● **Task goal**:
Please repeat the lines below, exactly and only, from the one that holds "imports Defs" through the one that holds "B + t u v^T, C".

● **Supplied data**:
(* Let sampling data $\{(\mathrm{i}\omega_i, H_i)\}_{i=1}^{N}$ be given, with $\omega_i \in \mathbb{R}$ and $H_i \in \mathbb{C}^{n_o \times n_i}$, closed under conjugation (if $\mathrm{i}\omega_k$ is a sampling frequency then so is $-\mathrm{i}\omega_k$, and the datum at $-\mathrm{i}\omega_k$ is $\overline{H_k}$), and weights $\rho_i > 0$ that are equal for complex conjugate pairs of sampling frequencies. For real matrices $\hat{E}, \hat{A} \in \mathbb{R}^{r\times r}$, $\hat{B} \in \mathbb{R}^{r \times n_i}$, $\hat{C} \in \mathbb{R}^{n_o \times r}$ let $\hat{H}(s) = \hat{C}(s\hat{E} - \hat{A})^{-1}\hat{B}$ and $\mathcal{J}(\hat{H}) = \sum_{i=1}^{N} \rho_i \|H_i - \hat{H}(\mathrm{i}\omega_i)\|_F^2$. Let $\hat{H}$ have the pole-residue form $\hat{H}(s) = \sum_{j=1}^{r} \frac{c_j b_j^{*}}{s - \lambda_j}$ with pairwise distinct poles $\lambda_j$ (where $c_j = \hat{C}\hat{T}e_j$, $b_j = \hat{B}^{T}\hat{S}e_j$ for invertible $\hat{T},\hat{S} \in \mathbb{C}^{r\times r}$ with $\hat{S}^*\hat{E}\hat{T} = I$ and $\hat{S}^*\hat{A}\hat{T} = \operatorname{diag}(\lambda_1,\dots,\lambda_r)$), and let $\hat{H}$ be a local minimum of $\mathcal{J}$. Then for $k = 1, \dots, r$: \begin{align*} \sum_{i=1}^{N} \rho_i \frac{H_i b_k}{-\mathrm{i}\omega_i - \overline{\lambda_k}} &= \sum_{i=1}^{N} \rho_i \frac{\hat{H}(\mathrm{i}\omega_i) b_k}{-\mathrm{i}\omega_i - \overline{\lambda_k}},\\ \sum_{i=1}^{N} \rho_i \frac{c_k^{*} H_i}{-\mathrm{i}\omega_i - \overline{\lambda_k}} &= \sum_{i=1}^{N} \rho_i \frac{c_k^{*} \hat{H}(\mathrm{i}\omega_i)}{-\mathrm{i}\omega_i - \overline{\lambda_k}},\\ \sum_{i=1}^{N} \rho_i \frac{c_k^{*} H_i b_k}{(-\mathrm{i}\omega_i - \overline{\lambda_k})^2} &= \sum_{i=1}^{N} \rho_i \frac{c_k^{*} \hat{H}(\mathrm{i}\omega_i) b_k}{(-\mathrm{i}\omega_i - \overline{\lambda_k})^2}. \end{align*}
   Context: $\|\cdot\|_F$ is the Frobenius norm, $(\cdot)^*$ the conjugate transpose, $e_j$ the $j$th standard unit vector. The local minimum is with respect to the real matrices $\hat{E},\hat{A},\hat{B},\hat{C}$ (with $r$ fixed), among those for which $\hat{E}$ is invertible and $\mathrm{i}\omega_i\hat{E} - \hat{A}$ is invertible for all sampling frequencies. *)

theory Defs
  imports "HOL-Analysis.Analysis"
begin

definition cmat :: "real^'n^'m \<Rightarrow> complex^'n^'m" where
  "cmat M = (\<chi> i j. complex_of_real (M$i$j))"

definition cvconj :: "complex^'n \<Rightarrow> complex^'n" where
  "cvconj v = (\<chi> i. cnj (v$i))"

definition cmconj :: "complex^'n^'m \<Rightarrow> complex^'n^'m" where
  "cmconj M = (\<chi> i j. cnj (M$i$j))"

definition ctrans :: "complex^'n^'m \<Rightarrow> complex^'m^'n" where
  "ctrans M = transpose (cmconj M)"

definition cdot :: "complex^'n \<Rightarrow> complex^'n \<Rightarrow> complex" where
  "cdot x y = (\<Sum>i\<in>UNIV. cnj (x$i) * y$i)"

definition pencil :: "complex \<Rightarrow> real^'r^'r \<Rightarrow> real^'r^'r \<Rightarrow> complex^'r^'r" where
  "pencil s E A = (\<chi> i j. s * complex_of_real (E$i$j) - complex_of_real (A$i$j))"

definition tf :: "real^'r^'r \<Rightarrow> real^'r^'r \<Rightarrow> real^'ni^'r \<Rightarrow> real^'r^'no
                  \<Rightarrow> complex \<Rightarrow> complex^'ni^'no" where
  "tf E A B C s = cmat C ** matrix_inv (pencil s E A) ** cmat B"

definition frob2 :: "complex^'n^'m \<Rightarrow> real" where
  "frob2 M = (\<Sum>i\<in>UNIV. \<Sum>j\<in>UNIV. (cmod (M$i$j))\<^sup>2)"

definition lsq_obj :: "nat \<Rightarrow> (nat \<Rightarrow> real) \<Rightarrow> (nat \<Rightarrow> real) \<Rightarrow> (nat \<Rightarrow> complex^'ni^'no)
     \<Rightarrow> real^'r^'r \<Rightarrow> real^'r^'r \<Rightarrow> real^'ni^'r \<Rightarrow> real^'r^'no \<Rightarrow> real" where
  "lsq_obj N \<rho> \<omega> Hd E A B C =
     (\<Sum>i<N. \<rho> i * frob2 (Hd i - tf E A B C (\<i> * complex_of_real (\<omega> i))))"

definition admissible :: "nat \<Rightarrow> (nat \<Rightarrow> real) \<Rightarrow> real^'r^'r \<Rightarrow> real^'r^'r \<Rightarrow> bool" where
  "admissible N \<omega> E A \<longleftrightarrow> invertible E \<and>
     (\<forall>i<N. invertible (pencil (\<i> * complex_of_real (\<omega> i)) E A))"

end

theory Submission
  imports Defs
begin

text \<open>
  At a local minimum the derivative of J vanishes along the real rank-one perturbations
  B + t u v^T, C + t u v^T and A + t u v^T of the realization; along the last one the transfer
  function is explicit by the Sherman-Morrison formula. Each derivative is -2 times the real part
  of a bilinear form in (u, v) built from the residuals H_i - Hhat(i w_i) and the resolvents
  (i w_i E - A)^-1. Since data and weights are closed under conjugation, the form is real on real
  vectors, so it vanishes there, and by bilinearity it vanishes on complex vectors as well.
  On right and left eigenvectors of the pencil the resolvent acts as multiplication by
  1/(i w_i - lambda_k), and evaluating the three forms there gives the three interpolation
  conditions.
\<close>

definition outer :: "'a::times^'m \<Rightarrow> 'a^'n \<Rightarrow> 'a^'n^'m" where
  "outer x y = (\<chi> i j. x$i * y$j)"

● **Exercise result**:
  imports Defs
begin

text \<open>
  At a local minimum the derivative of J vanishes along the real rank-one perturbations
  B + t u v^T, C + t u v^T and A + t u v^T of the realization; along the last one the transfer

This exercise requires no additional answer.